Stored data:
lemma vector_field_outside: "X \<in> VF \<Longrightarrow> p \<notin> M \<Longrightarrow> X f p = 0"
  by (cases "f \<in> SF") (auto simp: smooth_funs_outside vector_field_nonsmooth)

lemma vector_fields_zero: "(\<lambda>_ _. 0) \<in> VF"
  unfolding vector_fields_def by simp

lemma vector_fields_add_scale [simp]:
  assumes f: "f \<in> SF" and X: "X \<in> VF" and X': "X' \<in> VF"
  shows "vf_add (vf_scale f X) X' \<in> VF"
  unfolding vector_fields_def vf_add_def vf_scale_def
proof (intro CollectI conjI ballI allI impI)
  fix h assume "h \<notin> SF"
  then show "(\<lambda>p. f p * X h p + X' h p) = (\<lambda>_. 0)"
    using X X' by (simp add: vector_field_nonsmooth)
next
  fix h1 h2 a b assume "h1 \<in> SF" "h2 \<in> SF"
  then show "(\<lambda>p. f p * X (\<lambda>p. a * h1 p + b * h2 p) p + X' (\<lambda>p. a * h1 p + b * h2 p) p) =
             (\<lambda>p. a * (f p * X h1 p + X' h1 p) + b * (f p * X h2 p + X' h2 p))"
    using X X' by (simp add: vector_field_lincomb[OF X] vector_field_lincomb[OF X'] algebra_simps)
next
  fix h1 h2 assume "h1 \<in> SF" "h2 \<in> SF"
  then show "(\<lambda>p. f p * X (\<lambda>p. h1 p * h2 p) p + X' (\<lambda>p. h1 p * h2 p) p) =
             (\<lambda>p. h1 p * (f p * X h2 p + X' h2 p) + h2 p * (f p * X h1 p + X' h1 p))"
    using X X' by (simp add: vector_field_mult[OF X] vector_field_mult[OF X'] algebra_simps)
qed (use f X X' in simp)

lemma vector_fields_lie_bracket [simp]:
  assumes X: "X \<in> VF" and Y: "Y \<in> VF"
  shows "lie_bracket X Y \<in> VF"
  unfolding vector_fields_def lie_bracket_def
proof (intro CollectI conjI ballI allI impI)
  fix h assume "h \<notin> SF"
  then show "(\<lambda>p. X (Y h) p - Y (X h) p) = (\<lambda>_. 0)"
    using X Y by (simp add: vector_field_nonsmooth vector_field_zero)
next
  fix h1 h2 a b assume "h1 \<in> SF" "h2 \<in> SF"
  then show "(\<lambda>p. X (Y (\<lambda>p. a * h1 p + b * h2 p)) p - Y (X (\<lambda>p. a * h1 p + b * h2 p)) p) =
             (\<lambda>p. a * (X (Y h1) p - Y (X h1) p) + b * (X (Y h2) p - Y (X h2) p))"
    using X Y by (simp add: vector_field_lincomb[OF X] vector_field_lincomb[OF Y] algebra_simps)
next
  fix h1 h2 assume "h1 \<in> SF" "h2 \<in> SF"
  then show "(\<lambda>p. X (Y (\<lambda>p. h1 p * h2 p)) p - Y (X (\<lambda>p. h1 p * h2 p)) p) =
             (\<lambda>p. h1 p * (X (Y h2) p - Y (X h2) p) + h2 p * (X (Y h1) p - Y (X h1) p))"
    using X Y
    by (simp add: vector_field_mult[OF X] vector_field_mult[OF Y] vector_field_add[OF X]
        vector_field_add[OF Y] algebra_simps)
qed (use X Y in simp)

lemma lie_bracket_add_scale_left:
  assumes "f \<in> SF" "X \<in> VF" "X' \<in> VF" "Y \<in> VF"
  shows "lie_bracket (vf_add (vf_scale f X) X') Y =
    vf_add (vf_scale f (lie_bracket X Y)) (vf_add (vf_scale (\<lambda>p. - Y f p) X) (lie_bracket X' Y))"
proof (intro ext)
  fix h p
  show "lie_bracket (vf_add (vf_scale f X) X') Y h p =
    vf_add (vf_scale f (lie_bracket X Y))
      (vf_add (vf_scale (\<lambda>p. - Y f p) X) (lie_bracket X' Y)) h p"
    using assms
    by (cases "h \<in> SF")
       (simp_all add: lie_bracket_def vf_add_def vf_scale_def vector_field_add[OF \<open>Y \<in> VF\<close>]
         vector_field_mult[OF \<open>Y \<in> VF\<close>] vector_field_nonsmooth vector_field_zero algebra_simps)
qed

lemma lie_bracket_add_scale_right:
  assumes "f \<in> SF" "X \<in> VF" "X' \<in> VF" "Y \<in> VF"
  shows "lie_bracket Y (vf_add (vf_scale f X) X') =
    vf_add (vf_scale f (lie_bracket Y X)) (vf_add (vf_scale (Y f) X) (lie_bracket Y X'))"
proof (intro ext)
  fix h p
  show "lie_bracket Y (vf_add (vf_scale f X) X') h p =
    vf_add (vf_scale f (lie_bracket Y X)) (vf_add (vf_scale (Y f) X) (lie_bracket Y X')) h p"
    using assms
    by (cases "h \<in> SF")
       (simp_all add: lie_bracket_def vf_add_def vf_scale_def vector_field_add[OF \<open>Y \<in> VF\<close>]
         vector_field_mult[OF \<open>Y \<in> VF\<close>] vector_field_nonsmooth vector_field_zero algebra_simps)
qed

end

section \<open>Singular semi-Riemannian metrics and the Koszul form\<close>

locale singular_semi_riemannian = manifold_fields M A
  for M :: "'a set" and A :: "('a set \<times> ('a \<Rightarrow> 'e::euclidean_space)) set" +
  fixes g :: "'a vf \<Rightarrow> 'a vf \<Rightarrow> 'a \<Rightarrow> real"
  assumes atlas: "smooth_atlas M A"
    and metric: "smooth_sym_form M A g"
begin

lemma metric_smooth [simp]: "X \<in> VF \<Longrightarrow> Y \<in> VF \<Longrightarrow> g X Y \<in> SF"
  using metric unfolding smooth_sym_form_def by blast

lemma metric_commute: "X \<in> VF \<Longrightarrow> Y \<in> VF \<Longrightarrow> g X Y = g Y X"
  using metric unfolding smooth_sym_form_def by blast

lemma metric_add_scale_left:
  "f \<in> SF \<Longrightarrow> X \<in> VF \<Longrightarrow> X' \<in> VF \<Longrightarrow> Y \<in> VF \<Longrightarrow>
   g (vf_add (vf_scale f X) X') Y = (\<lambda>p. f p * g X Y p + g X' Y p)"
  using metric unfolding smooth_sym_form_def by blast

ASSIGNED TASK: Wherever the word "then" turns up in the records, copy out the line it is on.

RESPONSE TO THIS EXERCISE:
  then show "(\<lambda>p. f p * X h p + X' h p) = (\<lambda>_. 0)"
  then show "(\<lambda>p. f p * X (\<lambda>p. a * h1 p + b * h2 p) p + X' (\<lambda>p. a * h1 p + b * h2 p) p) =
  then show "(\<lambda>p. f p * X (\<lambda>p. h1 p * h2 p) p + X' (\<lambda>p. h1 p * h2 p) p) =
  then show "(\<lambda>p. X (Y h) p - Y (X h) p) = (\<lambda>_. 0)"
  then show "(\<lambda>p. X (Y (\<lambda>p. a * h1 p + b * h2 p)) p - Y (X (\<lambda>p. a * h1 p + b * h2 p)) p) =
  then show "(\<lambda>p. X (Y (\<lambda>p. h1 p * h2 p)) p - Y (X (\<lambda>p. h1 p * h2 p)) p) =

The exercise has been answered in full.